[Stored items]
(* Let $\eta^{ij}$ ($1\le i,j\le N$) be a constant nondegenerate symmetric matrix, let $c\neq 0$ be a constant, set $L=N$ and $\mu^{ij}=c\,\eta^{ij}$, and let $\Phi(u^1,\dots,u^N)$ be a function with $\psi_\alpha=\partial\Phi/\partial u^\alpha$, $1\le\alpha\le N$. Then the system $$\sum_{\alpha,\beta=1}^N\mu^{\alpha\beta}\Big(\frac{\partial^2\psi_\alpha}{\partial u^i\partial u^k}\frac{\partial^2\psi_\beta}{\partial u^j\partial u^l}-\frac{\partial^2\psi_\alpha}{\partial u^i\partial u^l}\frac{\partial^2\psi_\beta}{\partial u^j\partial u^k}\Big)=0\quad(\text{all } i,j,k,l)$$ (Gauss equations) and the system $$\sum_{i,j=1}^N\eta^{ij}\Big(\frac{\partial^2\psi_\alpha}{\partial u^i\partial u^k}\frac{\partial^2\psi_\beta}{\partial u^j\partial u^l}-\frac{\partial^2\psi_\alpha}{\partial u^i\partial u^l}\frac{\partial^2\psi_\beta}{\partial u^j\partial u^k}\Big)=0\quad(\text{all } \alpha,\beta,k,l)$$ (Ricci equations) coincide with each other, and both coincide with the associativity equations $$\sum_{i,j=1}^N\eta^{ij}\Big(\frac{\partial^3\Phi}{\partial u^i\partial u^m\partial u^k}\frac{\partial^3\Phi}{\partial u^j\partial u^n\partial u^l}-\frac{\partial^3\Phi}{\partial u^i\partial u^m\partial u^l}\frac{\partial^3\Phi}{\partial u^j\partial u^n\partial u^k}\Big)=0\quad\text{for all } m,n,k,l.$$ *)

theory Defs
  imports "HOL-Analysis.Analysis"
begin

text \<open>Coordinates u = (u^1,...,u^N) are vectors in real^'n; the index set is the finite type 'n,
  so N = CARD('n).\<close>

definition pd :: "'n::finite \<Rightarrow> (real^'n \<Rightarrow> real) \<Rightarrow> real^'n \<Rightarrow> real" where
  "pd i f x = deriv (\<lambda>t. f (x + t *\<^sub>R axis i 1)) 0"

**Task instructions**
Where a line above includes "real", copy that line.

**Solution for this exercise**
text \<open>Coordinates u = (u^1,...,u^N) are vectors in real^'n; the index set is the finite type 'n,
definition pd :: "'n::finite \<Rightarrow> (real^'n \<Rightarrow> real) \<Rightarrow> real^'n \<Rightarrow> real" where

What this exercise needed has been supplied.